◆ Your objective ◆
Lines from the top of the entries through the line that has "proof (rule convex_onI[OF" must be duplicated exactly, and no others.

*** Opening of Data to use ***

lemma subgradients_imp_convex_on:
  fixes G :: "'a::real_inner \<Rightarrow> real"
  assumes "convex U" and "U \<subseteq> D" and "\<And>x. x \<in> U \<Longrightarrow> \<exists>w. subgradient D G x w"
  shows "convex_on U G"
proof (rule convex_onI[OF _ \<open>convex U\<close>])
  fix t :: real and p q assume t: "0 < t" "t < 1" and pq: "p \<in> U" "q \<in> U"
  define m where "m = (1 - t) *\<^sub>R p + t *\<^sub>R q"
  have "m \<in> U" using \<open>convex U\<close> pq t unfolding m_def by (simp add: convex_def)
  then obtain w where w: "subgradient D G m w" using assms(3) by blast
  have "G m + inner w (p - m) \<le> G p" "G m + inner w (q - m) \<le> G q"
    using w pq \<open>U \<subseteq> D\<close> by (auto simp: subgradient_def)
  then have "(1 - t) * (G m + inner w (p - m)) + t * (G m + inner w (q - m))
      \<le> (1 - t) * G p + t * G q"
    using t by (intro add_mono mult_left_mono) auto
  moreover have "(1 - t) * inner w (p - m) + t * inner w (q - m) = 0"
    unfolding m_def by (simp add: algebra_simps)
  ultimately show "G ((1 - t) *\<^sub>R p + t *\<^sub>R q) \<le> (1 - t) * G p + t * G q"
    unfolding m_def[symmetric] by (simp add: algebra_simps)
qed

lemma subgradient_norm_le:
  fixes G :: "'a::real_inner \<Rightarrow> real"
  assumes "subgradient D G y w" and "cball y r \<subseteq> D" and "r > 0"
    and "\<And>z. z \<in> cball y r \<Longrightarrow> \<bar>G z\<bar> \<le> M"
  shows "norm w \<le> 2 * M / r"
proof (cases "w = 0")
  case True
  then show ?thesis using assms(4)[of y] \<open>r > 0\<close> by simp
next
  case False
  define z where "z = y + (r / norm w) *\<^sub>R w"
  have z: "z \<in> cball y r" using False \<open>r > 0\<close> by (simp add: z_def dist_norm)
  have "G y + inner w (z - y) \<le> G z" using assms(1,2) z by (auto simp: subgradient_def)
  moreover have "inner w (z - y) = r * norm w"
    using False by (simp add: z_def power2_norm_eq_inner[symmetric] power2_eq_square)
  ultimately have "r * norm w \<le> 2 * M" using assms(4)[OF z] assms(4)[of y] \<open>r > 0\<close> by force
  then show ?thesis using \<open>r > 0\<close> by (simp add: field_simps)
qed

lemma closedin_subgradient_relation:
  fixes G :: "'a::real_inner \<Rightarrow> real"
  assumes "continuous_on S G" and "S \<subseteq> D"
  shows "closedin (top_of_set (S \<times> T)) {p \<in> S \<times> T. subgradient D G (fst p) (snd p)}"
proof (cases "S = {}")
  case False
  define ineq where "ineq z = {p \<in> S \<times> T. G (fst p) + inner (snd p) (z - fst p) \<le> G z}" for z
  have eq: "{p \<in> S \<times> T. subgradient D G (fst p) (snd p)} = (\<Inter>z\<in>D. ineq z)"
  proof (intro equalityI subsetI)
    fix p assume "p \<in> {p \<in> S \<times> T. subgradient D G (fst p) (snd p)}"
    then show "p \<in> (\<Inter>z\<in>D. ineq z)" by (auto simp: subgradient_def ineq_def)
  next
    fix p assume p: "p \<in> (\<Inter>z\<in>D. ineq z)"
    obtain s where "s \<in> S" using False by blast
    then have "p \<in> S \<times> T" using p \<open>S \<subseteq> D\<close> by (auto simp: ineq_def)
    then show "p \<in> {p \<in> S \<times> T. subgradient D G (fst p) (snd p)}"
      using p \<open>S \<subseteq> D\<close> by (auto simp: subgradient_def ineq_def)
  qed
  have closed: "closedin (top_of_set (S \<times> T)) (ineq z)" for z
  proof -
    have "continuous_on (S \<times> T) (\<lambda>p. G (fst p))"
      by (rule continuous_on_compose2[OF \<open>continuous_on S G\<close> continuous_on_fst]) auto
    then have "continuous_on (S \<times> T) (\<lambda>p. G (fst p) + inner (snd p) (z - fst p))"
      by (intro continuous_on_add continuous_on_inner continuous_on_snd continuous_on_diff
          continuous_on_const continuous_on_fst continuous_on_id)
    then have "closedin (top_of_set (S \<times> T))
        ((S \<times> T) \<inter> (\<lambda>p. G (fst p) + inner (snd p) (z - fst p)) -` {..G z})"
      by (rule continuous_closedin_preimage[OF _ closed_atMost])
    moreover have "(S \<times> T) \<inter> (\<lambda>p. G (fst p) + inner (snd p) (z - fst p)) -` {..G z} = ineq z"
      by (simp add: ineq_def set_eq_iff)
    ultimately show ?thesis by simp
  qed
  show ?thesis
    unfolding eq using False \<open>S \<subseteq> D\<close> closed by (intro closedin_INT) auto
qed simp
lemma scalar_mod_of_int_self_mult: "scalar_mod m (of_int m * X)"
  by (cases X) (simp add: of_int_mult_mat2 right_diff_distrib[symmetric])

lemma scalar_mod_mat2_mod_iff: "m dvd n \<Longrightarrow> scalar_mod m (mat2_mod n X) \<longleftrightarrow> scalar_mod m X"
  by (cases X) (simp, metis dvd_mod_iff mod_diff_eq)

lemma mat2_mod_eq_0_imp_scalar_mod: "mat2_mod m X = 0 \<Longrightarrow> scalar_mod m X"
  by (cases X) (simp only: mat2_mod_eq_0_iff scalar_mod.simps dvd_diff)

lemma mat2_mod_commute:
  assumes N: "scalar_mod 2 N" and X: "scalar_mod m (of_int 2 * X)"
  shows "mat2_mod m (X * N) = mat2_mod m (N * X)"
proof (cases X; cases N)
  fix a b c d e f g h assume X_eq: "X = Mat2 a b c d" and N_eq: "N = Mat2 e f g h"
  have "2 dvd f" "2 dvd g" "2 dvd e - h" using N by (simp_all add: N_eq)
  then obtain f' g' w where f: "f = 2 * f'" and g: "g = 2 * g'" and "e - h = 2 * w"
    by (metis dvdE)
  then have e: "e = h + 2 * w" by simp
  have dvd: "m dvd 2 * b" "m dvd 2 * c" "m dvd 2 * (a - d)"
    using X unfolding X_eq of_int_mult_mat2 by (simp_all add: right_diff_distrib)
  have "a * e + b * g - (e * a + f * c) = 2 * b * g' - 2 * c * f'"
    "a * f + b * h - (e * b + f * d) = 2 * (a - d) * f' - 2 * b * w"
    "c * e + d * g - (g * a + h * c) = 2 * c * w - 2 * (a - d) * g'"
    "c * f + d * h - (g * b + h * d) = 2 * c * f' - 2 * b * g'"
    by (simp_all add: f g e algebra_simps)
  then show ?thesis
    unfolding X_eq N_eq times_mat2.simps mat2_mod_eq_iff
    using dvd by simp
qed

text \<open>Take \<open>j\<close> maximal such that \<open>2 ^ j * X\<close> is not scalar modulo \<open>2 ^ k\<close>; since commutators
  with matrices that are scalar modulo 2 have even entries, \<open>2 ^ j * X\<close> is central modulo \<open>2 ^ k\<close>.\<close>
lemma exists_central_multiple:
  assumes N: "scalar_mod 2 N" and nc: "mat2_mod (2 ^ k) (X * N) \<noteq> mat2_mod (2 ^ k) (N * X)"
  obtains n where "mat2_mod (2 ^ k) (X * of_int n) \<noteq> 0"
    and "\<And>N. scalar_mod 2 N \<Longrightarrow> mat2_mod (2 ^ k) (X * of_int n * N) = mat2_mod (2 ^ k) (N * (X * of_int n))"
proof -
  define P where "P j \<longleftrightarrow> scalar_mod (2 ^ k) (of_int (2 ^ j) * X)" for j
  have P_Suc: "P (Suc j)" if "P j" for j
    using scalar_mod_of_int_mult[OF that[unfolded P_def], of 2]
    unfolding P_def power_Suc of_int_mult mult.assoc .
  have "P k" unfolding P_def by (rule scalar_mod_of_int_self_mult)
  have "\<not> P 1"
    using mat2_mod_commute[OF N, of "2 ^ k" X] nc unfolding P_def power_one_right by blast
  have "(LEAST j. P j) \<noteq> 0"
  proof
    assume "(LEAST j. P j) = 0"
    then have "P 0" using LeastI[of P k, OF \<open>P k\<close>] by simp
    then show False using P_Suc[of 0] \<open>\<not> P 1\<close> by simp
  qed
  then obtain j where j: "Suc j = (LEAST j. P j)" by (metis not0_implies_Suc)
  have "P (Suc j)" unfolding j by (rule LeastI[of P k, OF \<open>P k\<close>])
  have "\<not> P j" using not_less_Least[of j P] j by simp
  have commute: "X * of_int (2 ^ j) = of_int (2 ^ j) * X"
    by (rule mult_of_int_commute[symmetric])
  show ?thesis
  proof (rule that[of "2 ^ j"])
    show "mat2_mod (2 ^ k) (X * of_int (2 ^ j)) \<noteq> 0"
      using \<open>\<not> P j\<close> mat2_mod_eq_0_imp_scalar_mod unfolding P_def commute by blast
    have "scalar_mod (2 ^ k) (of_int 2 * (X * of_int (2 ^ j)))"
      using \<open>P (Suc j)\<close> unfolding P_def power_Suc of_int_mult commute mult.assoc .
    then show "mat2_mod (2 ^ k) (X * of_int (2 ^ j) * N) = mat2_mod (2 ^ k) (N * (X * of_int (2 ^ j)))"
      if "scalar_mod 2 N" for N
      using mat2_mod_commute that by blast
  qed
qed

section \<open>A centrally essential ring of sequences\<close>

abbreviation red :: "nat \<Rightarrow> mat2 \<Rightarrow> mat2" where
  "red k \<equiv> mat2_mod (2 ^ k)"

lemma scalar_mod_2_red:
  assumes "scalar_mod 2 X" shows "scalar_mod 2 (red k X)"
proof (cases k)
  case 0
  then show ?thesis by (cases X) simp
next
  case (Suc j)
  then have "(2::int) dvd 2 ^ k" by simp
  then show ?thesis using assms by (simp add: scalar_mod_mat2_mod_iff)
qed

type_synonym seq_elem = "mat2 \<times> (nat \<Rightarrow> mat2)"

text \<open>An element \<open>(A, h)\<close> stands for the sequence \<open>h\<close>, whose term \<open>h k\<close> lies in \<open>S / 2\<^sup>k S\<close>
  and is represented by its reduced matrix; \<open>A\<close> records the matrix that the sequence
  eventually agrees with.\<close>
definition seq_carrier :: "seq_elem set" where
  "seq_carrier = {(A, h). scalar_mod 2 A \<and> (\<forall>k. scalar_mod 2 (h k) \<and> red k (h k) = h k) \<and>
                          finite {k. h k \<noteq> red k A}}"

definition seq_ring :: "seq_elem ring" where
  "seq_ring =
     \<lparr>carrier = seq_carrier,
      mult = (\<lambda>(A, h) (B, g). (A * B, \<lambda>k. red k (h k * g k))),
      one = (1, \<lambda>k. red k 1),
      zero = (0, \<lambda>k. 0),
      add = (\<lambda>(A, h) (B, g). (A + B, \<lambda>k. red k (h k + g k)))\<rparr>"

lemma seq_ring_simps:
  "carrier seq_ring = seq_carrier"
  "(A, h) \<otimes>\<^bsub>seq_ring\<^esub> (B, g) = (A * B, \<lambda>k. red k (h k * g k))"
  "(A, h) \<oplus>\<^bsub>seq_ring\<^esub> (B, g) = (A + B, \<lambda>k. red k (h k + g k))"
  "\<one>\<^bsub>seq_ring\<^esub> = (1, \<lambda>k. red k 1)"
  "\<zero>\<^bsub>seq_ring\<^esub> = (0, \<lambda>k. 0)"
  by (simp_all add: seq_ring_def)

lemma seq_carrierD:
  assumes "(A, h) \<in> seq_carrier"
  shows "scalar_mod 2 A" "scalar_mod 2 (h k)" "red k (h k) = h k" "finite {k. h k \<noteq> red k A}"
  using assms by (auto simp: seq_carrier_def)

lemma finite_red_disagreement:
  assumes "finite {k. h k \<noteq> red k A}" "finite {k. g k \<noteq> red k B}"
    and "\<And>k X Y. red k (f (red k X) (red k Y)) = red k (f X Y)"
  shows "finite {k. red k (f (h k) (g k)) \<noteq> red k (f A B)}"
proof (rule finite_subset)
  show "{k. red k (f (h k) (g k)) \<noteq> red k (f A B)} \<subseteq> {k. h k \<noteq> red k A} \<union> {k. g k \<noteq> red k B}"
    using assms(3) by fastforce
qed (use assms(1,2) in blast)

lemma seq_carrier_binop_closed:
  assumes "(A, h) \<in> seq_carrier" "(B, g) \<in> seq_carrier"
    and "scalar_mod 2 (f A B)" "\<And>k. scalar_mod 2 (f (h k) (g k))"
    and "\<And>k X Y. red k (f (red k X) (red k Y)) = red k (f X Y)"
  shows "(f A B, \<lambda>k. red k (f (h k) (g k))) \<in> seq_carrier"
  using assms finite_red_disagreement[OF seq_carrierD(4)[OF assms(1)] seq_carrierD(4)[OF assms(2)]]
  by (auto simp: seq_carrier_def scalar_mod_2_red)

lemma seq_carrier_add:
  "x \<in> seq_carrier \<Longrightarrow> y \<in> seq_carrier \<Longrightarrow> x \<oplus>\<^bsub>seq_ring\<^esub> y \<in> seq_carrier"
  by (cases x; cases y, simp only: seq_ring_simps)
    (rule seq_carrier_binop_closed, auto intro: scalar_mod_add dest: seq_carrierD)

lemma seq_carrier_mult:
  "x \<in> seq_carrier \<Longrightarrow> y \<in> seq_carrier \<Longrightarrow> x \<otimes>\<^bsub>seq_ring\<^esub> y \<in> seq_carrier"
  by (cases x; cases y, simp only: seq_ring_simps)
    (rule seq_carrier_binop_closed, auto intro: scalar_mod_mult dest: seq_carrierD)

lemma seq_carrier_uminus:
  "(A, h) \<in> seq_carrier \<Longrightarrow> (- A, \<lambda>k. red k (- h k)) \<in> seq_carrier"
  by (rule seq_carrier_binop_closed[where f = "\<lambda>X Y. - X"]) (auto intro: scalar_mod_minus dest: seq_carrierD)

lemma seq_carrier_one: "\<one>\<^bsub>seq_ring\<^esub> \<in> seq_carrier"
  by (simp add: seq_ring_simps seq_carrier_def scalar_mod_2_red)

lemma seq_carrier_zero: "\<zero>\<^bsub>seq_ring\<^esub> \<in> seq_carrier"
  by (simp add: seq_ring_simps seq_carrier_def)

lemma ring_seq_ring: "ring seq_ring"
proof (rule ringI)
  show "abelian_group seq_ring"
  proof (rule abelian_groupI)
    fix x y z assume x: "x \<in> carrier seq_ring" and y: "y \<in> carrier seq_ring" and z: "z \<in> carrier seq_ring"
    show "x \<oplus>\<^bsub>seq_ring\<^esub> y \<in> carrier seq_ring"
      using x y by (simp add: seq_ring_simps(1) seq_carrier_add)
    show "x \<oplus>\<^bsub>seq_ring\<^esub> y \<oplus>\<^bsub>seq_ring\<^esub> z = x \<oplus>\<^bsub>seq_ring\<^esub> (y \<oplus>\<^bsub>seq_ring\<^esub> z)"
      by (cases x; cases y; cases z) (simp add: seq_ring_simps add.assoc)
    show "x \<oplus>\<^bsub>seq_ring\<^esub> y = y \<oplus>\<^bsub>seq_ring\<^esub> x"
      by (cases x; cases y) (simp add: seq_ring_simps add.commute)
    show "\<zero>\<^bsub>seq_ring\<^esub> \<oplus>\<^bsub>seq_ring\<^esub> x = x"
      using x by (cases x) (auto simp: seq_ring_simps seq_carrier_def)
    obtain A h where xe: "x = (A, h)" by (cases x)
    have "(- A, \<lambda>k. red k (- h k)) \<oplus>\<^bsub>seq_ring\<^esub> x = \<zero>\<^bsub>seq_ring\<^esub>"
      by (simp add: xe seq_ring_simps)
    then show "\<exists>y \<in> carrier seq_ring. y \<oplus>\<^bsub>seq_ring\<^esub> x = \<zero>\<^bsub>seq_ring\<^esub>"
      using seq_carrier_uminus x xe by (auto simp: seq_ring_simps(1))
  qed (simp add: seq_ring_simps(1) seq_carrier_zero)
next
  show "monoid seq_ring"
  proof (rule monoidI)
    fix x y z assume x: "x \<in> carrier seq_ring" and y: "y \<in> carrier seq_ring" and z: "z \<in> carrier seq_ring"
    show "x \<otimes>\<^bsub>seq_ring\<^esub> y \<in> carrier seq_ring"
      using x y by (simp add: seq_ring_simps(1) seq_carrier_mult)
    show "x \<otimes>\<^bsub>seq_ring\<^esub> y \<otimes>\<^bsub>seq_ring\<^esub> z = x \<otimes>\<^bsub>seq_ring\<^esub> (y \<otimes>\<^bsub>seq_ring\<^esub> z)"
      by (cases x; cases y; cases z) (simp add: seq_ring_simps mult.assoc)
    show "\<one>\<^bsub>seq_ring\<^esub> \<otimes>\<^bsub>seq_ring\<^esub> x = x" "x \<otimes>\<^bsub>seq_ring\<^esub> \<one>\<^bsub>seq_ring\<^esub> = x"
      using x by (cases x; auto simp: seq_ring_simps seq_carrier_def)+
  qed (simp add: seq_ring_simps(1) seq_carrier_one)
next
  fix x y z assume "x \<in> carrier seq_ring" "y \<in> carrier seq_ring" "z \<in> carrier seq_ring"
  show "(x \<oplus>\<^bsub>seq_ring\<^esub> y) \<otimes>\<^bsub>seq_ring\<^esub> z = x \<otimes>\<^bsub>seq_ring\<^esub> z \<oplus>\<^bsub>seq_ring\<^esub> y \<otimes>\<^bsub>seq_ring\<^esub> z"
    "z \<otimes>\<^bsub>seq_ring\<^esub> (x \<oplus>\<^bsub>seq_ring\<^esub> y) = z \<otimes>\<^bsub>seq_ring\<^esub> x \<oplus>\<^bsub>seq_ring\<^esub> z \<otimes>\<^bsub>seq_ring\<^esub> y"
    by (cases x; cases y; cases z; simp add: seq_ring_simps algebra_simps)+
qed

*** Close of Data to use ***

◆ Expected answer ◆
lemma subgradients_imp_convex_on:
  fixes G :: "'a::real_inner \<Rightarrow> real"
  assumes "convex U" and "U \<subseteq> D" and "\<And>x. x \<in> U \<Longrightarrow> \<exists>w. subgradient D G x w"
  shows "convex_on U G"
proof (rule convex_onI[OF _ \<open>convex U\<close>])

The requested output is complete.